## Exercise description
Pull out of the data below the stretch of lines bounded by the one containing "then show ?thesis using assms(4) by simp" and the one containing "then obtain k where", both bounds included, unchanged.

## Dataset extract
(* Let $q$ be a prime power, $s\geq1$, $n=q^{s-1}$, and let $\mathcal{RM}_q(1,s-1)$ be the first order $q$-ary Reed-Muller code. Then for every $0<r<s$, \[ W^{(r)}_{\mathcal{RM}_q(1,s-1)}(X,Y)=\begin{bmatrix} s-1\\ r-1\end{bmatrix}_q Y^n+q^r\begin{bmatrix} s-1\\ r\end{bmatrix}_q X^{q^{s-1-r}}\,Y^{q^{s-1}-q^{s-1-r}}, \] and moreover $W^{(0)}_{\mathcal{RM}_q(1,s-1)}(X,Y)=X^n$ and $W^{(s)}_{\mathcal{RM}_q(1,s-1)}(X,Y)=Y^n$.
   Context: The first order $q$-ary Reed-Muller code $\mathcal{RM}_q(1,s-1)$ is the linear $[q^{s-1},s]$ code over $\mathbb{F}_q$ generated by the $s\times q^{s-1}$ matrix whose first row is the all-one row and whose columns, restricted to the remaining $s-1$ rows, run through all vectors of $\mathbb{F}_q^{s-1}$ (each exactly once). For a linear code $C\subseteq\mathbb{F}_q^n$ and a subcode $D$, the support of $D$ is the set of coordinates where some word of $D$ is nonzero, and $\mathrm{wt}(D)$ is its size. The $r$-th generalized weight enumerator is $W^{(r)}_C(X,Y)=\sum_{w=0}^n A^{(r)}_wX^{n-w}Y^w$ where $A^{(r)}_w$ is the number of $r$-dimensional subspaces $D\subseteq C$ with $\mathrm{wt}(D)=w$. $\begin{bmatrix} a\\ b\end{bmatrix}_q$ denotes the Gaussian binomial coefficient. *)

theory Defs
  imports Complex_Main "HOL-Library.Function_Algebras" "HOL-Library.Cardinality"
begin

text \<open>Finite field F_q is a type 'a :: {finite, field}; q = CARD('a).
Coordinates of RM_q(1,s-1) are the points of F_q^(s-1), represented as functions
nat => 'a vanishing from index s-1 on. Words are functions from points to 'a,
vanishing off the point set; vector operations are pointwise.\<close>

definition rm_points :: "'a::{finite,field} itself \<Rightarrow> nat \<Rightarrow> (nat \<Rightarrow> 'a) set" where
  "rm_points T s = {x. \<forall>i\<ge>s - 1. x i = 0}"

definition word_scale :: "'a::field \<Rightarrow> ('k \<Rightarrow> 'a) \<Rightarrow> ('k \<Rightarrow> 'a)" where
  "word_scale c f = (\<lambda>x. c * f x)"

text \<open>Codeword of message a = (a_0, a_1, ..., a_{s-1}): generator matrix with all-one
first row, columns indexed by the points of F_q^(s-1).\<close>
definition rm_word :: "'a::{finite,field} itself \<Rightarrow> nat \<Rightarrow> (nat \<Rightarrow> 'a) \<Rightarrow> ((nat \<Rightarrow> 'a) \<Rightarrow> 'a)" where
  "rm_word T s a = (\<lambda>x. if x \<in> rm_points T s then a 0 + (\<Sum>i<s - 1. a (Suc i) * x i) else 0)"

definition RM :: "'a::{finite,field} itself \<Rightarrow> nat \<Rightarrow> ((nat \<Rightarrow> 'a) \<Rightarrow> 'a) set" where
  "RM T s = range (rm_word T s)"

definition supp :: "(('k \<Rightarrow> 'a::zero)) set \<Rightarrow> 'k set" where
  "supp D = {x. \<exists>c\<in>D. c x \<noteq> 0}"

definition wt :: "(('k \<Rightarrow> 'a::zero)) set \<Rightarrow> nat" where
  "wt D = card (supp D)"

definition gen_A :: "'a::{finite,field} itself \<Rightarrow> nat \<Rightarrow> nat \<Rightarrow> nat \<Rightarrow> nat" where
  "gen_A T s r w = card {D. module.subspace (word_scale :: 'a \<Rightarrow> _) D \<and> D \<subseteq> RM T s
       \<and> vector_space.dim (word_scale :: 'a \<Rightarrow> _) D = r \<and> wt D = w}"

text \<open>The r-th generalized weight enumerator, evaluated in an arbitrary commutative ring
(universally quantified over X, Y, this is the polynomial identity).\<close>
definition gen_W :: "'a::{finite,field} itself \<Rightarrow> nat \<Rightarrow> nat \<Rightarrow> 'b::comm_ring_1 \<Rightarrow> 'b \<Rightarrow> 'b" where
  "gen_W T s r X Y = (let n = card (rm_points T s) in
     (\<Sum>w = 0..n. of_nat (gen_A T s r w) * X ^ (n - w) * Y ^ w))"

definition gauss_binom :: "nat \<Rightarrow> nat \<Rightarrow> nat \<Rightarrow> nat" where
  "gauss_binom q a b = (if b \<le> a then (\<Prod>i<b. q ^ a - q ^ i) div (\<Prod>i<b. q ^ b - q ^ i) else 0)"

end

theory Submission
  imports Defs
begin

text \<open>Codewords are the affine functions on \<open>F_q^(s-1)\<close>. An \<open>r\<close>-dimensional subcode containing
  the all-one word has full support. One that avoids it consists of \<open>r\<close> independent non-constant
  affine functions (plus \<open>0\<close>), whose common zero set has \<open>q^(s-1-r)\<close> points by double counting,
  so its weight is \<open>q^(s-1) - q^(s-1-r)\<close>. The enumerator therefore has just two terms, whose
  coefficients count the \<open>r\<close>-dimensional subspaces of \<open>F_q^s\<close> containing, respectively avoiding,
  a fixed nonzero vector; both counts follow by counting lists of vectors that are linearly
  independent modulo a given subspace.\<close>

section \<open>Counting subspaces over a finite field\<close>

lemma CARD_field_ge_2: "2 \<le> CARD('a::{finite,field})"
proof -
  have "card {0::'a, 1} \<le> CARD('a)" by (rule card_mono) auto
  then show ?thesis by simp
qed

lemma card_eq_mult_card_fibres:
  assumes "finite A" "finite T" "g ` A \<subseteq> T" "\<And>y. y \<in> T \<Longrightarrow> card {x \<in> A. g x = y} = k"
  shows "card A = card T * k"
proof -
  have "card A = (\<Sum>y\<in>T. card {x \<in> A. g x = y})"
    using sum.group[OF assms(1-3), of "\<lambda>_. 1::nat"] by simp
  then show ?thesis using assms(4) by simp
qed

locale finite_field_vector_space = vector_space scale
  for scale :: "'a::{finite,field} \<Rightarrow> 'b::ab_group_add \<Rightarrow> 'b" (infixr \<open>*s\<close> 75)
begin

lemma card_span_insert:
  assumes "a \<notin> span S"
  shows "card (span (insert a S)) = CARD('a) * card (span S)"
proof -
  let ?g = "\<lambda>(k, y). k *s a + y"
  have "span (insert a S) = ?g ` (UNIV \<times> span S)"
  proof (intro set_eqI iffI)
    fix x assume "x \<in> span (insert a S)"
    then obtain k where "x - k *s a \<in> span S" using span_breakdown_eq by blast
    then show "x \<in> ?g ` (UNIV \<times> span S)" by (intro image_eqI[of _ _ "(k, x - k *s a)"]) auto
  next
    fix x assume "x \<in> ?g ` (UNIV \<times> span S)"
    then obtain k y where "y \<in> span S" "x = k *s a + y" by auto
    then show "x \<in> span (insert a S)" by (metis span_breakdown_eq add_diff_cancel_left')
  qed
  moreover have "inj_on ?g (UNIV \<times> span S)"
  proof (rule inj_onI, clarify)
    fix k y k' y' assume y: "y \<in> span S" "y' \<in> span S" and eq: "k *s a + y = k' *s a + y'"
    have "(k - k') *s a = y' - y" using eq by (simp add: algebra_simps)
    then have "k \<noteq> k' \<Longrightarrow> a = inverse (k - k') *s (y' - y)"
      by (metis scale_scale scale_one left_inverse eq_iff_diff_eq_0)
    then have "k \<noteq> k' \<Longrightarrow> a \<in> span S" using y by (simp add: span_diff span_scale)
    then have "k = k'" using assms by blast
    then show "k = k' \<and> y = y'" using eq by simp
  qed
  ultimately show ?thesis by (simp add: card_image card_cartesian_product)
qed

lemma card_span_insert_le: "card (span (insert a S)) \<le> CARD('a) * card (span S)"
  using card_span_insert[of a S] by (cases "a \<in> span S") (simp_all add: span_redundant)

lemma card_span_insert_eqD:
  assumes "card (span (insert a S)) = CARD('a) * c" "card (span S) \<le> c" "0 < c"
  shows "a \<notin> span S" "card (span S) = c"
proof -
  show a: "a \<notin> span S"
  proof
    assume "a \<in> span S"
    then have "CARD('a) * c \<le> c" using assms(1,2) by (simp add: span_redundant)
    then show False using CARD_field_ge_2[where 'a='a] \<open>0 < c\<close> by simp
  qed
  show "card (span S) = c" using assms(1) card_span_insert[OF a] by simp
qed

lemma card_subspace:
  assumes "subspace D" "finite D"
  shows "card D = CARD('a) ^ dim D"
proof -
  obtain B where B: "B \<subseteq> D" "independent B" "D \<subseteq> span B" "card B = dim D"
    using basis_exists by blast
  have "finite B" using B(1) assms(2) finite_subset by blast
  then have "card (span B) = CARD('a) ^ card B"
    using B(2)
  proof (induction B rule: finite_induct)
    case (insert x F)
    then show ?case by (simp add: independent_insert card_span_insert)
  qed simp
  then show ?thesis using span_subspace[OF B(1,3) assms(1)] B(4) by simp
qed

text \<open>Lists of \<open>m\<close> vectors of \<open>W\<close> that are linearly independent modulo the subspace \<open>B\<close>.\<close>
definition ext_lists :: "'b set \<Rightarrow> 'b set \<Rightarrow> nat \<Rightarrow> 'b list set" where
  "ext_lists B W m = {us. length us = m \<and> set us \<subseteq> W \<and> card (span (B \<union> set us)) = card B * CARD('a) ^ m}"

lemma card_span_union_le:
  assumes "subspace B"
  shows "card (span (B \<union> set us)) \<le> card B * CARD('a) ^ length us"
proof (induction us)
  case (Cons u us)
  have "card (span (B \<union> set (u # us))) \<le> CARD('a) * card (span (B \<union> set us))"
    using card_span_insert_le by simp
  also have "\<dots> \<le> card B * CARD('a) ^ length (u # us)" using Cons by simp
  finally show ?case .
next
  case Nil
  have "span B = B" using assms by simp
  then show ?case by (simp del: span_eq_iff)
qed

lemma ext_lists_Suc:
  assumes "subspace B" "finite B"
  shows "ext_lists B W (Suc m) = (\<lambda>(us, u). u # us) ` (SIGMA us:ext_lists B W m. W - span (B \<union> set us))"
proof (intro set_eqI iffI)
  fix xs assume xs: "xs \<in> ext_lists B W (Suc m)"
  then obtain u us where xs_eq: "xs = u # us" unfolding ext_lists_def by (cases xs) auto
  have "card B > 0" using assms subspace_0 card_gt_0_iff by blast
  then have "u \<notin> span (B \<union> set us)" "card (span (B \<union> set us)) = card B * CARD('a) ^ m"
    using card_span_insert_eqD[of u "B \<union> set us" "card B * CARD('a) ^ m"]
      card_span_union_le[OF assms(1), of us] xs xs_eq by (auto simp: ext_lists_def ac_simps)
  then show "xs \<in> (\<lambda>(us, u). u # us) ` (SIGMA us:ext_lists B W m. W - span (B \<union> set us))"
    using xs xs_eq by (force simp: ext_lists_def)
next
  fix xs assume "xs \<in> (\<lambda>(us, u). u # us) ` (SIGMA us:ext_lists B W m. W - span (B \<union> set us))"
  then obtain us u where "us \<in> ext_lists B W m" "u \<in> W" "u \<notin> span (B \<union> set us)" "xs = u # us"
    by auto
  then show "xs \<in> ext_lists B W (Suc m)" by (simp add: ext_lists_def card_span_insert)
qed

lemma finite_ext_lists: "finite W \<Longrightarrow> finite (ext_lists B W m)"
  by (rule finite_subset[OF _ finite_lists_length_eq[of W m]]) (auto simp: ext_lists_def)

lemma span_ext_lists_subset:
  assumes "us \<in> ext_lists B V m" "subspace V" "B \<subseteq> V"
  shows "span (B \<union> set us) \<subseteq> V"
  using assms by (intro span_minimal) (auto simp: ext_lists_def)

---

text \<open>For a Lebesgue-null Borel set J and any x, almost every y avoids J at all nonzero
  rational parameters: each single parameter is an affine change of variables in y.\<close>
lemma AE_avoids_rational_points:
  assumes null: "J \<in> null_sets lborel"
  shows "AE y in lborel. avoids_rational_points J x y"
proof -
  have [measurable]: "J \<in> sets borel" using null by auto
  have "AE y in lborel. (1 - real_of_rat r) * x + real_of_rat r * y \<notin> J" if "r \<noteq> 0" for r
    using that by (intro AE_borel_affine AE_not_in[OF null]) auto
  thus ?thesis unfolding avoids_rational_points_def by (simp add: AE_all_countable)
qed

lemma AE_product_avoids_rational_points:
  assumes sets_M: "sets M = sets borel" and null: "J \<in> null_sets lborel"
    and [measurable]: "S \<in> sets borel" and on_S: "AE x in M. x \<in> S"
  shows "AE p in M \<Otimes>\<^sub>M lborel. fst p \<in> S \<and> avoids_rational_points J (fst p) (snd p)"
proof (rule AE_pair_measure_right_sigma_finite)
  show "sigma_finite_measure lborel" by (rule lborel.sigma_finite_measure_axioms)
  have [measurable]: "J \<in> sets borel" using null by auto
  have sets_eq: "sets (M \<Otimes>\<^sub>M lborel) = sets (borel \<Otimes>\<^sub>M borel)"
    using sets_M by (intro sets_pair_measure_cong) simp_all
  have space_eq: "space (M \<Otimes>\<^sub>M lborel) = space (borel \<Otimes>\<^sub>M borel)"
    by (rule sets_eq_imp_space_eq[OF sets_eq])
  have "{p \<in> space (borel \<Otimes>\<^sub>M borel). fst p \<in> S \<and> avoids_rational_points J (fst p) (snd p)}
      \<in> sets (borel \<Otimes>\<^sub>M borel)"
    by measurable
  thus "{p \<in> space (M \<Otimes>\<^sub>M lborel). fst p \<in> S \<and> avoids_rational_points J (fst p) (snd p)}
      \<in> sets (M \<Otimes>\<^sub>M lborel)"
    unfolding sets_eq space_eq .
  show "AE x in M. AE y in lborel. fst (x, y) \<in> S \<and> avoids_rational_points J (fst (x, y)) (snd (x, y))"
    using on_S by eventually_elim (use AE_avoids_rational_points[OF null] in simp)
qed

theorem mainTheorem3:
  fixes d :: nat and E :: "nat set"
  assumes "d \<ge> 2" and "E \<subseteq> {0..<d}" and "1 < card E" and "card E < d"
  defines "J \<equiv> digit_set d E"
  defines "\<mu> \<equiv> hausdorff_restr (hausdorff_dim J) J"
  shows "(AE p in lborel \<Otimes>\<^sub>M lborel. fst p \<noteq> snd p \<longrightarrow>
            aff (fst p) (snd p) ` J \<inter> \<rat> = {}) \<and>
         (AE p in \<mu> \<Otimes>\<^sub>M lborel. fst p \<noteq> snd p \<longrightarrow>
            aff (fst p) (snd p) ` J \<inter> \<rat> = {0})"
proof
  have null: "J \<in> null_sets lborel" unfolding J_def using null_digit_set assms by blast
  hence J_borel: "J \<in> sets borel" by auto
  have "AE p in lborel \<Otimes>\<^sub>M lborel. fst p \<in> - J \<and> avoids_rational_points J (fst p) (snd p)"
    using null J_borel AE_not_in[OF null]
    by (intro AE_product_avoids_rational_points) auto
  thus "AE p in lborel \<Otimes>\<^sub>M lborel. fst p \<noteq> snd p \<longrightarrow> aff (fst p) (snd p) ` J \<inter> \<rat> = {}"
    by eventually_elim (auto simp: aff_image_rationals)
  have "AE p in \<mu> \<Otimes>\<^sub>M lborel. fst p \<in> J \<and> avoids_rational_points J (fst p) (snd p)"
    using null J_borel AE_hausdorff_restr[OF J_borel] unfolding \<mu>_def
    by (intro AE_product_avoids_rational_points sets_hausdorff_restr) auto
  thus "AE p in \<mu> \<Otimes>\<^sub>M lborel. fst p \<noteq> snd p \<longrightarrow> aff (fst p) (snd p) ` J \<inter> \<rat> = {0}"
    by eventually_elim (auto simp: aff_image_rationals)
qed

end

## Answer box
  then show ?thesis using assms(4) by simp
qed

locale finite_field_vector_space = vector_space scale
  for scale :: "'a::{finite,field} \<Rightarrow> 'b::ab_group_add \<Rightarrow> 'b" (infixr \<open>*s\<close> 75)
begin

lemma card_span_insert:
  assumes "a \<notin> span S"
  shows "card (span (insert a S)) = CARD('a) * card (span S)"
proof -
  let ?g = "\<lambda>(k, y). k *s a + y"
  have "span (insert a S) = ?g ` (UNIV \<times> span S)"
  proof (intro set_eqI iffI)
    fix x assume "x \<in> span (insert a S)"
    then obtain k where "x - k *s a \<in> span S" using span_breakdown_eq by blast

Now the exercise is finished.